What about stars that are closer than that?? It would be SO COOL to get direct observations of the Alpha Centauri system.
CrazyEddieBlogger Says:
November 24th, 2009 at 9:19 am
“@Astrofiend… Have mercy on your fellow astronomers… It might prove somewhat distracting to work in the same room with a burning limbless scientist t having continuous multiple orgasms.”
🙂 I’ll see if I can restrain myself…
outstanding article, robert. congratulations!!
@LC Interesting
Am I understanding this right?
You will also argue that if the individual detectors know where they are at any given time, the flatness of the physical structure is not as critical.

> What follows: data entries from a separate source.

lemma Sigma_b_piv_range:
  assumes w: "w \<in> Sigma_b \<beta>"
  shows "0 \<le> piv \<beta> w \<and> piv \<beta> w < 1"
proof -
  obtain n where "piv \<beta> w - 1 < (piv \<beta> (shiftk (Suc n) w) - 1) / \<beta> ^ Suc n"
    using Sigma_b_piv_step[OF w] by blast
  moreover have "(piv \<beta> (shiftk (Suc n) w) - 1) / \<beta> ^ Suc n \<le> 0"
    using Sigma_b_piv_le_1[OF Sigma_b_shiftk[OF w]] \<beta> by (simp add: divide_nonpos_pos)
  ultimately show ?thesis
    using piv_nonneg[OF \<beta> Sigma_b_digits[OF w]] by simp
qed

lemma Sigma_b_Tb_piv:
  assumes w: "w \<in> Sigma_b \<beta>"
  shows "\<lfloor>\<beta> * piv \<beta> w\<rfloor> = int (w 0)" "Tb \<beta> (piv \<beta> w) = piv \<beta> (shiftk 1 w)"
proof -
  have "\<beta> * piv \<beta> w = real (w 0) + piv \<beta> (shiftk 1 w)"
    by (rule piv_split1[OF \<beta> Sigma_b_digits[OF w]])
  moreover have "0 \<le> piv \<beta> (shiftk 1 w)" "piv \<beta> (shiftk 1 w) < 1"
    using Sigma_b_piv_range[OF Sigma_b_shiftk[OF w]] by auto
  ultimately show "\<lfloor>\<beta> * piv \<beta> w\<rfloor> = int (w 0)" "Tb \<beta> (piv \<beta> w) = piv \<beta> (shiftk 1 w)"
    by (simp_all add: Tb_def floor_eq_iff)
qed

lemma Sigma_b_Tb_iter_piv: "w \<in> Sigma_b \<beta> \<Longrightarrow> (Tb \<beta> ^^ k) (piv \<beta> w) = piv \<beta> (shiftk k w)"
  by (induction k) (simp_all add: Sigma_b_Tb_piv(2) Sigma_b_shiftk shiftk_shiftk)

And you’ll make a sparse array too, no doubt.
So this is a bit like digital interferometry?
(Everything is interferometry, really – there was something in school about a wave front basically being equivalent to an infinite number of point source interfering with each other. I think this means that the CCDs will have to capture the phase information)
Disclaimer – It might very well be that I have no idea what the hell I am talking about. However, that has rarely stopped me before.. I’m a mechanical engineer, you see.
So where exactly will this telescope be located? I’ve read the article several times but I don’t think it mentions this. Atacama Desert?
@CrazyEddieBlogger: Right, in effect an optical system is a sort of filter. Any lens or mirror which concentrates light and generate a virtual image is performing an analogue Fourier transform. This could be done entirely digitally. In fact adpative optics could be done this way, which would be I think the first step in this direction. This would remove the need for mechanical changes in the shape of secondary mirrors.
LC
LBC,
“CCDs on a very large flat surface”, virtual mirror? You just made my brain explode.
http://www.eso.org/sci/facilities/eelt/owl/index_3.html
I love the name of that scope.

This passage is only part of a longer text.